Considerando esses aspectos que nos reportam a um universo arcaico (no qual as
marcas corporais e suas significações já assumiam uma condição de elemento
caracterizador, adjetivador e designador), cabe salientar que a possibilidade de entendermos
o corpo como um texto gestual e visual com articulações com outros textos (como o verbal
e o oral) nos leva ao estabelecimento de laços com o contexto no qual esse encontra-se
inserido. As crenças, os usos, os costumes e os valores socioculturais são capazes de
determinar vários aspectos do ser social, especificando o tipo de atuação, função, deveres,
importância e, dentre outros aspectos, competência qualificadora que o sujeito possui para
atuar em seu meio. Nesse âmbito, o corpo é tanto veículo e suporte, quanto significação.
Ele participa de sua manifestação, é o sujeito ou objeto da ação, um dado circunstancial do
tempo e do espaço.
A ordem, as tarefas e as funções que garantem a estabilidade social nas sociedades
são apreendidas por meio de códigos visuais. Depois, são confirmadas por outras
linguagens.
O corpo, entendido como suporte, faz circular essas organizações e possibilita que
sejam constantemente evocadas de um modo sensível.

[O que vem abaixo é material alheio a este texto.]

(* Let $\alpha\in\mathbb{R}\setminus\{0\}$, let $\delta^{\star}(\alpha)=1/\alpha^2$ if $\alpha\le 2$ and $\delta^{\star}(\alpha)=\frac{1}{2\alpha}\exp\{1-\frac{\alpha}{2}\}$ if $\alpha>2$, let $|\delta|\le\delta^{\star}(\alpha)$, and let $C(u,v)=uv+\delta(1-e^{\alpha(u-u^2)})(1-e^{\alpha(v-v^2)})$ on $[0,1]^2$. If $\delta\ge 0$ then $C$ is positively quadrant dependent, i.e. $C(u,v)\ge uv$ for all $(u,v)\in[0,1]^2$; if $\delta\le0$ then $C$ is negatively quadrant dependent, i.e. $C(u,v)\le uv$ for all $(u,v)\in[0,1]^2$. *)

theory Defs
  imports Complex_Main
begin

definition delta_star :: "real \<Rightarrow> real" where
  "delta_star \<alpha> = (if \<alpha> \<le> 2 then 1 / \<alpha>^2 else (1 / (2 * \<alpha>)) * exp (1 - \<alpha> / 2))"

definition copC :: "real \<Rightarrow> real \<Rightarrow> real \<Rightarrow> real \<Rightarrow> real" where
  "copC \<alpha> \<delta> u v = u * v + \<delta> * (1 - exp (\<alpha> * (u - u^2))) * (1 - exp (\<alpha> * (v - v^2)))"

end

theory Submission
  imports Defs
begin

text \<open>Since \<open>u - u\<^sup>2 \<ge> 0\<close> on \<open>[0,1]\<close>, both factors \<open>1 - exp (\<alpha> (u - u\<^sup>2))\<close> and
  \<open>1 - exp (\<alpha> (v - v\<^sup>2))\<close> have the sign of \<open>-\<alpha>\<close>, so their product is nonnegative and
  \<open>C(u,v) - uv\<close> has the sign of \<open>\<delta>\<close>.\<close>

lemma diff_power2_nonneg_unit_interval:
  fixes x :: real
  assumes "x \<in> {0..1}"
  shows "0 \<le> x - x\<^sup>2"
  using assms by (auto simp: power2_eq_square mult_left_le)

lemma one_minus_exp_mult_nonneg:
  fixes a s t :: real
  assumes "0 \<le> s" "0 \<le> t"
  shows "0 \<le> (1 - exp (a * s)) * (1 - exp (a * t))"
proof (cases "0 \<le> a")
  case True
  then have "1 - exp (a * s) \<le> 0" "1 - exp (a * t) \<le> 0"
    using assms by simp_all
  then show ?thesis by (rule mult_nonpos_nonpos)
next
  case False
  then have "a * s \<le> 0" "a * t \<le> 0"
    using assms by (simp_all add: mult_nonpos_nonneg)
  then show ?thesis by simp
qed

lemma copC_minus_mult:
  "copC \<alpha> \<delta> u v - u * v = \<delta> * ((1 - exp (\<alpha> * (u - u\<^sup>2))) * (1 - exp (\<alpha> * (v - v\<^sup>2))))"
  by (simp add: copC_def mult.assoc)

theorem proposition2:
  fixes \<alpha> \<delta> :: real
  assumes "\<alpha> \<noteq> 0"
    and "\<bar>\<delta>\<bar> \<le> delta_star \<alpha>"
  shows "(\<delta> \<ge> 0 \<longrightarrow> (\<forall>u\<in>{0..1}. \<forall>v\<in>{0..1}. copC \<alpha> \<delta> u v \<ge> u * v))
       \<and> (\<delta> \<le> 0 \<longrightarrow> (\<forall>u\<in>{0..1}. \<forall>v\<in>{0..1}. copC \<alpha> \<delta> u v \<le> u * v))"
proof -
  have product_nonneg:
    "0 \<le> (1 - exp (\<alpha> * (u - u\<^sup>2))) * (1 - exp (\<alpha> * (v - v\<^sup>2)))"
    if "u \<in> {0..1}" "v \<in> {0..1}" for u v
    using that by (intro one_minus_exp_mult_nonneg diff_power2_nonneg_unit_interval)
  show ?thesis
  proof (intro conjI impI ballI)
    fix u v :: real
    assume "\<delta> \<ge> 0" "u \<in> {0..1}" "v \<in> {0..1}"
    with product_nonneg have "0 \<le> copC \<alpha> \<delta> u v - u * v"
      unfolding copC_minus_mult by simp
    then show "copC \<alpha> \<delta> u v \<ge> u * v" by simp
  next
    fix u v :: real
    assume "\<delta> \<le> 0" "u \<in> {0..1}" "v \<in> {0..1}"
    with product_nonneg have "copC \<alpha> \<delta> u v - u * v \<le> 0"
      unfolding copC_minus_mult by (simp add: mult_nonpos_nonneg)
    then show "copC \<alpha> \<delta> u v \<le> u * v" by simp
  qed
qed

end
lemma arrow_choice_weak_strict_trans:
  assumes f: "arrow_choice_on f {a, b, z}" and d: "a \<noteq> b" "b \<noteq> z" "a \<noteq> z"
    and ab: "a \<in> f {a, b}" and bz: "f {b, z} = {b}"
  shows "f {a, z} = {a}"
proof -
  let ?T = "f {a, b, z}"
  note restr = arrow_choice_onD(3)[OF f]
  have z: "z \<notin> ?T"
  proof
    assume "z \<in> ?T"
    then have "f {b, z} = ?T \<inter> {b, z}" by (intro restr) auto
    then have "?T \<inter> {b, z} = {b}" using bz by (rule subst)
    moreover have "z \<in> ?T \<inter> {b, z}" using \<open>z \<in> ?T\<close> by simp
    ultimately show False using d by simp
  qed
  have a: "a \<in> ?T"
  proof (rule ccontr)
    assume "a \<notin> ?T"
    moreover have "?T \<subseteq> {a, b, z}" "?T \<noteq> {}" using arrow_choice_onD(1,2)[OF f] by simp_all
    ultimately have "b \<in> ?T" using z by auto
    then have "f {a, b} = ?T \<inter> {a, b}" by (intro restr) auto
    with ab have "a \<in> ?T \<inter> {a, b}" by simp
    with \<open>a \<notin> ?T\<close> show False by simp
  qed
  then have "f {a, z} = ?T \<inter> {a, z}" by (intro restr) auto
  also have "\<dots> = {a}" using a z by auto
  finally show ?thesis .
qed

lemma arrow_choice_pair_cases:
  assumes "arrow_choice_on f {a, b}"
  obtains "f {a, b} = {a}" | "f {a, b} = {b}" | "f {a, b} = {a, b}"
proof -
  have "f {a, b} \<subseteq> {a, b}" "f {a, b} \<noteq> {}"
    using arrow_choice_onD(1,2)[OF assms] by simp_all
  then show thesis using that by blast
qed

locale fusion_setting =
  fixes B :: "'e \<Rightarrow> 'p::finite form"
    and nabla :: "'i::wellorder set \<Rightarrow> ('i \<Rightarrow> 'e) \<Rightarrow> 'e \<Rightarrow> 'e"
    and N D :: "'i set"
  assumes es_space: "es_space B" and basic_fusion: "basic_fusion B nabla"
    and esf_sd: "esf_sd B nabla" and esf_p: "esf_p B nabla" and esf_i: "esf_i B nabla"
    and society: "society N" and coalition: "D \<subseteq> N"
begin
lemma conv_stab_code_rm_stabilizer:
  assumes r: "2 * r < \<mu>"
  shows "conv_stab_code (2 ^ \<mu>) (2 ^ \<mu> - 2 * (\<Sum>i = 0..r. \<mu> choose i)) (2 ^ \<mu>) (rm_stabilizer \<mu> r)"
  unfolding conv_stab_code_def
proof (intro conjI allI impI ballI)
  let ?n = "2 ^ \<mu> :: nat" and ?k = "2 ^ \<mu> - 2 * (\<Sum>i = 0..r. \<mu> choose i)"
  have orth: "self_orthogonal (conv_code \<mu> r)" using r by (rule self_orthogonal_conv_code)
  have S0: "rm_stabilizer \<mu> r \<subseteq> css (conv_code \<mu> r)"
    unfolding rm_stabilizer_def by (rule css_conv_span_subset_conv_code) auto
  show "0 < ?n" "0 < ?n" "?k \<le> ?n" by simp_all
  show "subgroup (rm_stabilizer \<mu> r) (Pt ?n ?n 0)"
    unfolding Pt_eq rm_stabilizer_def
    by (rule subgroup_css[OF pauli_closed_paulis_below css_conv_span_subset_paulis_below[of _ 0]
          self_orthogonal_conv_span[OF r]]) auto
  show "pmult x y = pmult y x" if "x \<in> rm_stabilizer \<mu> r" "y \<in> rm_stabilizer \<mu> r" for x y
    using css_commute[OF orth] S0 that by blast
  show "pmult (pshift (t * ?n) M) N = pmult N (pshift (t * ?n) M)"
    if "M \<in> rm_stabilizer \<mu> r" "N \<in> rm_stabilizer \<mu> r" for t M N
    using css_commute[OF orth] S0 that pshift_rm_stabilizer css_conv_span_subset_conv_code[of "{t} \<times> _"]
    by blast
next
  fix t :: nat
  let ?n = "2 ^ \<mu> :: nat" and ?C = "{..t} \<times> rm_monomials \<mu> r"
  let ?H = "(Pt ?n ?n t)\<lparr>carrier := set_mult (Pt ?n ?n t) (St ?n ?n (rm_stabilizer \<mu> r) t) (gcenter (Pt ?n ?n t))\<rparr>"
  have St: "St ?n ?n (rm_stabilizer \<mu> r) t = css (vec_span (conv_gen \<mu>) ?C)"
    by (rule St_rm_stabilizer[OF r])
  interpret css_quotient ?H "conv_gen \<mu>" ?C
  proof
    show "carrier ?H = css_signed (vec_span (conv_gen \<mu>) ?C)"
      unfolding St gcenter_Pt by (simp add: set_mult_css_scalars Pt_eq)
    show "finite ?C" by (simp add: finite_rm_monomials)
    show "J = {}" if "J \<subseteq> ?C" "vec_sum (conv_gen \<mu>) J = zero_vec" for J
      using that finite_subset[OF that(1)] by (intro conv_gen_independent) (auto simp: rm_monomials_def)
  qed (simp add: Pt_eq)
  have "2 * card ?C = (t + 1) * (?n - (?n - 2 * (\<Sum>i = 0..r. \<mu> choose i)))"
    using card_rm_monomials_le[OF r] by (simp add: card_cartesian_product card_rm_monomials)
  then show "f2_dim_eq (?H Mod gcenter (Pt ?n ?n t)) ((t + 1) * (?n - (?n - 2 * (\<Sum>i = 0..r. \<mu> choose i))))"
    using f2_dim_G by (simp add: gcenter_Pt)
  show "St ?n ?n (rm_stabilizer \<mu> r) t \<inter> gcenter (Pt ?n ?n t) = {pone}"
    unfolding St gcenter_Pt using zero_in_vec_span by (auto simp: css_def scalars_def pone_eq)
qed

lemma pauli_X_Z_conv_gen_in_Sinf:
  assumes "2 * r < \<mu>" "T \<in> rm_monomials \<mu> r"
  shows "pauli_X (conv_gen \<mu> (t, T)) \<in> Sinf (2 ^ \<mu>) (rm_stabilizer \<mu> r)"
    and "pauli_Z (conv_gen \<mu> (t, T)) \<in> Sinf (2 ^ \<mu>) (rm_stabilizer \<mu> r)"
  using pauli_X_Z_in_css[OF in_vec_span[of "(t, T)"]] assms
  by (simp_all add: Sinf_rm_stabilizer)

lemma pweight_ge_if_commutes:
  assumes r: "2 * r < \<mu>" and x: "x \<in> gcentralizer pauli_inf (Sinf (2 ^ \<mu>) (rm_stabilizer \<mu> r))"
    and "x \<notin> scalars"
  shows "2 ^ Suc r \<le> pweight x"
proof -
  obtain s a b where x_eq: "x = (s, a, b)" by (cases x)
  have fin: "finite (Collect a)" "finite (Collect b)"
    using x unfolding x_eq gcentralizer_def pauli_inf_eq by (simp_all add: mem_paulis_finite)
  have comm: "pmult (s, a, b) y = pmult y (s, a, b)" if "y \<in> Sinf (2 ^ \<mu>) (rm_stabilizer \<mu> r)" for y
    using x that unfolding x_eq gcentralizer_def by (simp add: mult_pauli_inf)
  have orth: "\<not> dot a (conv_gen \<mu> (t, T))" "\<not> dot b (conv_gen \<mu> (t, T))"
    if "T \<in> rm_monomials \<mu> r" for t T
    using comm[OF pauli_X_Z_conv_gen_in_Sinf(1)[OF r that]] comm[OF pauli_X_Z_conv_gen_in_Sinf(2)[OF r that]]
      commute_pauli_X_iff commute_pauli_Z_iff by blast+
  have "\<exists>z. (z = a \<or> z = b) \<and> (\<exists>j. z j)"
    using \<open>x \<notin> scalars\<close> unfolding x_eq scalars_def by auto
  then obtain z j0 where "z = a \<or> z = b" "z j0" by blast
  moreover have "finite (Collect z)" "\<And>t T. T \<in> rm_monomials \<mu> r \<Longrightarrow> \<not> dot z (conv_gen \<mu> (t, T))"
    using fin orth \<open>z = a \<or> z = b\<close> by auto
  ultimately have "2 ^ Suc r \<le> card (Collect z)"
    using card_support_ge_of_orthogonal by blast
  also have "\<dots> \<le> card {j. a j \<or> b j}"
    using fin \<open>z = a \<or> z = b\<close> by (intro card_mono) auto
  finally show ?thesis unfolding x_eq pweight_def by simp
qed

lemma min_word_in_centralizer:
  assumes r: "2 * r < \<mu>"
  shows "pauli_X (min_word \<mu> r) \<in> gcentralizer pauli_inf (Sinf (2 ^ \<mu>) (rm_stabilizer \<mu> r))"
  unfolding gcentralizer_def pauli_inf_eq Sinf_rm_stabilizer[OF r]
proof (intro CollectI conjI ballI)
  show "pauli_X (min_word \<mu> r) \<in> carrier (pauli_on paulis_finite)"
    by (simp add: pauli_X_def mem_paulis_finite finite_min_word)
  fix y assume "y \<in> css (conv_code \<mu> r)"
  then obtain a b where y: "y = (False, a, b)" "b \<in> conv_code \<mu> r" unfolding css_def by blast
  have "\<not> dot b (min_word \<mu> r)"
  proof (rule dot_vec_span_left[OF y(2) finite_conv_gen])
    fix i :: "nat \<times> nat set" assume "i \<in> UNIV \<times> rm_monomials \<mu> r"
    then show "\<not> dot (conv_gen \<mu> i) (min_word \<mu> r)"
      using dot_min_word_conv_gen[OF _ r] by (simp add: dot_commute mem_Times_iff)
  qed
  then have "pmult y (pauli_X (min_word \<mu> r)) = pmult (pauli_X (min_word \<mu> r)) y"
    unfolding y using commute_pauli_X_iff by blast
  then show "pauli_X (min_word \<mu> r) \<otimes>\<^bsub>pauli_on paulis_finite\<^esub> y = y \<otimes>\<^bsub>pauli_on paulis_finite\<^esub> pauli_X (min_word \<mu> r)"
    by simp
qed

lemma min_word_notin_stabilizer:
  assumes r: "2 * r < \<mu>"
  shows "pauli_X (min_word \<mu> r) \<notin> set_mult pauli_inf (gcenter pauli_inf) (Sinf (2 ^ \<mu>) (rm_stabilizer \<mu> r))"
proof -
  have "conv_code \<mu> r \<subseteq> vec_span (conv_gen \<mu>) (UNIV \<times> Pow {..<\<mu>})"
    by (rule vec_span_mono) (auto simp: rm_monomials_def)
  then have "min_word \<mu> r \<notin> conv_code \<mu> r" using min_word_notin_conv_span by blast
  then show ?thesis
    unfolding Sinf_rm_stabilizer[OF r] gcenter_pauli_inf set_mult_css_scalars(2)[OF mult_pauli_inf]
    by (simp add: css_signed_def pauli_X_def)
qed

lemma free_distance_rm_stabilizer:
  assumes r: "2 * r < \<mu>"
  shows "free_distance (2 ^ \<mu>) (rm_stabilizer \<mu> r) = 2 ^ Suc r"
  unfolding free_distance_def
proof (rule cInf_eq_minimum)
  let ?S = "Sinf (2 ^ \<mu>) (rm_stabilizer \<mu> r)"
  have "pweight (pauli_X (min_word \<mu> r)) = 2 ^ Suc r"
    using card_min_word r unfolding pweight_def pauli_X_def by simp
  then show "2 ^ Suc r \<in> pweight ` (gcentralizer pauli_inf ?S - set_mult pauli_inf (gcenter pauli_inf) ?S)"
    using min_word_in_centralizer[OF r] min_word_notin_stabilizer[OF r] by (metis DiffI imageI)
  have "scalars \<subseteq> set_mult pauli_inf (gcenter pauli_inf) ?S"
    unfolding Sinf_rm_stabilizer[OF r] gcenter_pauli_inf set_mult_css_scalars(2)[OF mult_pauli_inf]
    using zero_in_vec_span by (auto simp: scalars_def css_signed_def)
  then show "2 ^ Suc r \<le> w"
    if "w \<in> pweight ` (gcentralizer pauli_inf ?S - set_mult pauli_inf (gcenter pauli_inf) ?S)" for w
    using that pweight_ge_if_commutes[OF r] by blast
qed

lemma pure_code_rm_stabilizer:
  assumes r: "2 * r < \<mu>"
  shows "pure_code (2 ^ \<mu>) (rm_stabilizer \<mu> r)"
  unfolding pure_code_def
proof (intro ballI impI)
  fix e assume e: "e \<in> Sinf (2 ^ \<mu>) (rm_stabilizer \<mu> r)" "e \<notin> gcenter pauli_inf"
  have "self_orthogonal (conv_code \<mu> r)" using r by (rule self_orthogonal_conv_code)
  moreover have "css (conv_code \<mu> r) \<subseteq> paulis_finite"
    by (rule css_subset_paulis_finite) (rule finite_conv_gen)
  ultimately have "e \<in> gcentralizer pauli_inf (Sinf (2 ^ \<mu>) (rm_stabilizer \<mu> r))"
    using e(1) css_commute unfolding Sinf_rm_stabilizer[OF r] gcentralizer_def pauli_inf_eq by auto
  then show "free_distance (2 ^ \<mu>) (rm_stabilizer \<mu> r) \<le> pweight e"
    using pweight_ge_if_commutes[OF r] e(2) free_distance_rm_stabilizer[OF r]
    by (simp add: gcenter_pauli_inf)
qed

theorem mainTheorem13:
  fixes l m r :: nat
  assumes "1 \<le> l" and "l \<le> m"
    and "int r \<le> (int m - int l - 1) div 2"
  shows "\<exists>m' S0.
     m' \<le> 2 ^ (m - l) * (2 ^ l - 1) \<and>
     conv_stab_code (2 ^ (m - l)) (2 ^ (m - l) - 2 * (\<Sum>i = 0..r. (m - l) choose i)) m' S0 \<and>
     free_distance (2 ^ (m - l)) S0 = 2 ^ (r + 1) \<and>
     pure_code (2 ^ (m - l)) S0"
proof (intro exI conjI)
  have "(2 :: nat) ^ 1 \<le> 2 ^ l" using assms(1) by (rule power_increasing) simp
  then show "(2 :: nat) ^ (m - l) \<le> 2 ^ (m - l) * (2 ^ l - 1)" by simp
  have r: "2 * r < m - l" using assms(2,3) by presburger
  show "conv_stab_code (2 ^ (m - l)) (2 ^ (m - l) - 2 * (\<Sum>i = 0..r. (m - l) choose i)) (2 ^ (m - l))
      (rm_stabilizer (m - l) r)"
    using r by (rule conv_stab_code_rm_stabilizer)
  show "free_distance (2 ^ (m - l)) (rm_stabilizer (m - l) r) = 2 ^ (r + 1)"
    using free_distance_rm_stabilizer[OF r] by simp
  show "pure_code (2 ^ (m - l)) (rm_stabilizer (m - l) r)"
    using r by (rule pure_code_rm_stabilizer)
qed

end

Sobre a pele de cada indivíduo,
está inscrito um conjunto de textos que permitem o norteamento e a orientação que se
refere à posição individual do sujeito frente ao coletivo, do privado em relação ao público.
Esse conjunto textual tem, portanto, a função de reativar um clima de consenso social
através de um pacto coletivo, conforme também nos afirma C. Campelo: “A identidade
cultural do indivíduo (em termos semióticos, um sujeito) está inscrita no corpo e esta
identidade é visível, estampada às claras, através das informações que emanam deste
corpo.”
Corpo como suporte da magia e do sagrado
As mutilações tribais incluem botoques para os lábios, ornamentos do nariz e
brincos. Os brincos são populares em muitas sociedades humanas e representam
uma das poucas mutilações do corpo ainda usadas nas cidades ocidentais.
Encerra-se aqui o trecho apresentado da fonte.